TASK INSTRUCTIONS: Print each entry verbatim.

Dataset entries:
(* Let $(\bar F,\bar\Delta,\bar\nu)$ be a probability preserving dynamical system with transfer operator $\mathcal L$, let $\bar\phi:\bar\Delta\to\mathbb R$ be measurable and set $\mathcal L_{is}h:=\mathcal L(e^{is\bar\phi}h)$ for $s\in\mathbb R$. Let $\mathcal B_1\hookrightarrow\mathcal B_2\hookrightarrow L^1(\bar\nu)$ be complex Banach spaces with $\mathbf 1_{\bar\Delta}\in\mathcal B_1$ on which the operators $\mathcal L_{is}^n$ act, and assume there exist constants $\alpha_1\in(0,1]$, $K,C,\alpha>0$ and an integer $n_0$ such that $$\forall n\ge n_0,\ \forall |s|>K:\qquad \|\mathcal L^n_{is}\|_{\mathcal B_1\to\mathcal B_2}\le C|s|^\alpha e^{-Cn^{\alpha_1}}.$$ Then: (i) there exist $K'>0$, $C'>0$, $\alpha'\ge0$, $\alpha_1'\in(0,1]$, $\hat\delta>0$ and $n_1$ such that for every $|s|>K'$ and every $n\ge n_1$, $\|\mathcal L^n_{is}\|_{\mathcal B_1\to\mathcal B_2}\le C'|s|^{\alpha'}e^{-n^{\alpha_1'}\hat\delta|s|^{-\alpha'}}$; (ii) for every $r\ge0$, every $d_1\in[0,1]$ and every $B>0$ there exists $K''>0$ such that $\displaystyle\int_{K''<|s|<Bn^{(r-1)/2}}\frac{\|\mathcal L^n_{is}\|_{\mathcal B_1\to\mathcal B_2}}{|s|^{d_1}}\,ds=o(n^{-r/2})$ as $n\to\infty$.
   Context: The transfer operator $\mathcal L$ of $(\bar F,\bar\Delta,\bar\nu)$ is the operator on $L^1(\bar\nu)$ characterized by $\mathbb E_{\bar\nu}(g\cdot h\circ\bar F)=\mathbb E_{\bar\nu}(h\,\mathcal L g)$ for all $g\in L^1$, $h\in L^\infty$. $\hookrightarrow$ denotes continuous embedding. $\|\cdot\|_{\mathcal B_1\to\mathcal B_2}$ is the operator norm from $\mathcal B_1$ to $\mathcal B_2$. *)

theory Defs
  imports "HOL-Probability.Probability" "HOL-Library.Landau_Symbols"
begin

definition prob_preserving_system :: "'a measure \<Rightarrow> ('a \<Rightarrow> 'a) \<Rightarrow> bool" where
  "prob_preserving_system M F \<longleftrightarrow> prob_space M \<and> F \<in> M \<rightarrow>\<^sub>M M \<and> distr M M F = M"

definition transfer_operator ::
  "'a measure \<Rightarrow> ('a \<Rightarrow> 'a) \<Rightarrow> (('a \<Rightarrow> complex) \<Rightarrow> ('a \<Rightarrow> complex)) \<Rightarrow> bool" where
  "transfer_operator M F L \<longleftrightarrow>
     (\<forall>g. integrable M g \<longrightarrow> integrable M (L g) \<and>
        (\<forall>h::'a \<Rightarrow> complex. h \<in> borel_measurable M \<and> (\<exists>c. \<forall>x\<in>space M. cmod (h x) \<le> c) \<longrightarrow>
           (\<integral>x. g x * h (F x) \<partial>M) = (\<integral>x. h x * L g x \<partial>M)))"

definition complex_banach_in_L1 ::
  "'a measure \<Rightarrow> ('a \<Rightarrow> complex) set \<Rightarrow> (('a \<Rightarrow> complex) \<Rightarrow> real) \<Rightarrow> bool" where
  "complex_banach_in_L1 M B nB \<longleftrightarrow>
     B \<subseteq> {f. integrable M f} \<and>
     (\<lambda>_. 0) \<in> B \<and>
     (\<forall>f\<in>B. \<forall>g\<in>B. (\<lambda>x. f x + g x) \<in> B) \<and>
     (\<forall>c f. f \<in> B \<longrightarrow> (\<lambda>x. c * f x) \<in> B) \<and>
     (\<forall>f\<in>B. \<forall>g. g \<in> borel_measurable M \<and> (AE x in M. g x = f x) \<longrightarrow> g \<in> B \<and> nB g = nB f) \<and>
     (\<forall>f\<in>B. 0 \<le> nB f) \<and>
     (\<forall>f\<in>B. nB f = 0 \<longleftrightarrow> (AE x in M. f x = 0)) \<and>
     (\<forall>f\<in>B. \<forall>g\<in>B. nB (\<lambda>x. f x + g x) \<le> nB f + nB g) \<and>
     (\<forall>c. \<forall>f\<in>B. nB (\<lambda>x. c * f x) = cmod c * nB f) \<and>
     (\<forall>X. (\<forall>k. X k \<in> B) \<and>
          (\<forall>e>0. \<exists>N. \<forall>m\<ge>N. \<forall>k\<ge>N. nB (\<lambda>x. X m x - X k x) < e) \<longrightarrow>
          (\<exists>f\<in>B. (\<lambda>k. nB (\<lambda>x. X k x - f x)) \<longlonglongrightarrow> 0))"

definition cont_embedding ::
  "('a \<Rightarrow> complex) set \<Rightarrow> (('a \<Rightarrow> complex) \<Rightarrow> real) \<Rightarrow> ('a \<Rightarrow> complex) set \<Rightarrow> (('a \<Rightarrow> complex) \<Rightarrow> real) \<Rightarrow> bool" where
  "cont_embedding B1 n1 B2 n2 \<longleftrightarrow> B1 \<subseteq> B2 \<and> (\<exists>c. \<forall>f\<in>B1. n2 f \<le> c * n1 f)"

WRITTEN REPLY:
(* Let $(\bar F,\bar\Delta,\bar\nu)$ be a probability preserving dynamical system with transfer operator $\mathcal L$, let $\bar\phi:\bar\Delta\to\mathbb R$ be measurable and set $\mathcal L_{is}h:=\mathcal L(e^{is\bar\phi}h)$ for $s\in\mathbb R$. Let $\mathcal B_1\hookrightarrow\mathcal B_2\hookrightarrow L^1(\bar\nu)$ be complex Banach spaces with $\mathbf 1_{\bar\Delta}\in\mathcal B_1$ on which the operators $\mathcal L_{is}^n$ act, and assume there exist constants $\alpha_1\in(0,1]$, $K,C,\alpha>0$ and an integer $n_0$ such that $$\forall n\ge n_0,\ \forall |s|>K:\qquad \|\mathcal L^n_{is}\|_{\mathcal B_1\to\mathcal B_2}\le C|s|^\alpha e^{-Cn^{\alpha_1}}.$$ Then: (i) there exist $K'>0$, $C'>0$, $\alpha'\ge0$, $\alpha_1'\in(0,1]$, $\hat\delta>0$ and $n_1$ such that for every $|s|>K'$ and every $n\ge n_1$, $\|\mathcal L^n_{is}\|_{\mathcal B_1\to\mathcal B_2}\le C'|s|^{\alpha'}e^{-n^{\alpha_1'}\hat\delta|s|^{-\alpha'}}$; (ii) for every $r\ge0$, every $d_1\in[0,1]$ and every $B>0$ there exists $K''>0$ such that $\displaystyle\int_{K''<|s|<Bn^{(r-1)/2}}\frac{\|\mathcal L^n_{is}\|_{\mathcal B_1\to\mathcal B_2}}{|s|^{d_1}}\,ds=o(n^{-r/2})$ as $n\to\infty$.
   Context: The transfer operator $\mathcal L$ of $(\bar F,\bar\Delta,\bar\nu)$ is the operator on $L^1(\bar\nu)$ characterized by $\mathbb E_{\bar\nu}(g\cdot h\circ\bar F)=\mathbb E_{\bar\nu}(h\,\mathcal L g)$ for all $g\in L^1$, $h\in L^\infty$. $\hookrightarrow$ denotes continuous embedding. $\|\cdot\|_{\mathcal B_1\to\mathcal B_2}$ is the operator norm from $\mathcal B_1$ to $\mathcal B_2$. *)

theory Defs
  imports "HOL-Probability.Probability" "HOL-Library.Landau_Symbols"
begin

definition prob_preserving_system :: "'a measure \<Rightarrow> ('a \<Rightarrow> 'a) \<Rightarrow> bool" where
  "prob_preserving_system M F \<longleftrightarrow> prob_space M \<and> F \<in> M \<rightarrow>\<^sub>M M \<and> distr M M F = M"

definition transfer_operator ::
  "'a measure \<Rightarrow> ('a \<Rightarrow> 'a) \<Rightarrow> (('a \<Rightarrow> complex) \<Rightarrow> ('a \<Rightarrow> complex)) \<Rightarrow> bool" where
  "transfer_operator M F L \<longleftrightarrow>
     (\<forall>g. integrable M g \<longrightarrow> integrable M (L g) \<and>
        (\<forall>h::'a \<Rightarrow> complex. h \<in> borel_measurable M \<and> (\<exists>c. \<forall>x\<in>space M. cmod (h x) \<le> c) \<longrightarrow>
           (\<integral>x. g x * h (F x) \<partial>M) = (\<integral>x. h x * L g x \<partial>M)))"

definition complex_banach_in_L1 ::
  "'a measure \<Rightarrow> ('a \<Rightarrow> complex) set \<Rightarrow> (('a \<Rightarrow> complex) \<Rightarrow> real) \<Rightarrow> bool" where
  "complex_banach_in_L1 M B nB \<longleftrightarrow>
     B \<subseteq> {f. integrable M f} \<and>
     (\<lambda>_. 0) \<in> B \<and>
     (\<forall>f\<in>B. \<forall>g\<in>B. (\<lambda>x. f x + g x) \<in> B) \<and>
     (\<forall>c f. f \<in> B \<longrightarrow> (\<lambda>x. c * f x) \<in> B) \<and>
     (\<forall>f\<in>B. \<forall>g. g \<in> borel_measurable M \<and> (AE x in M. g x = f x) \<longrightarrow> g \<in> B \<and> nB g = nB f) \<and>
     (\<forall>f\<in>B. 0 \<le> nB f) \<and>
     (\<forall>f\<in>B. nB f = 0 \<longleftrightarrow> (AE x in M. f x = 0)) \<and>
     (\<forall>f\<in>B. \<forall>g\<in>B. nB (\<lambda>x. f x + g x) \<le> nB f + nB g) \<and>
     (\<forall>c. \<forall>f\<in>B. nB (\<lambda>x. c * f x) = cmod c * nB f) \<and>
     (\<forall>X. (\<forall>k. X k \<in> B) \<and>
          (\<forall>e>0. \<exists>N. \<forall>m\<ge>N. \<forall>k\<ge>N. nB (\<lambda>x. X m x - X k x) < e) \<longrightarrow>
          (\<exists>f\<in>B. (\<lambda>k. nB (\<lambda>x. X k x - f x)) \<longlonglongrightarrow> 0))"

definition cont_embedding ::
  "('a \<Rightarrow> complex) set \<Rightarrow> (('a \<Rightarrow> complex) \<Rightarrow> real) \<Rightarrow> ('a \<Rightarrow> complex) set \<Rightarrow> (('a \<Rightarrow> complex) \<Rightarrow> real) \<Rightarrow> bool" where
  "cont_embedding B1 n1 B2 n2 \<longleftrightarrow> B1 \<subseteq> B2 \<and> (\<exists>c. \<forall>f\<in>B1. n2 f \<le> c * n1 f)"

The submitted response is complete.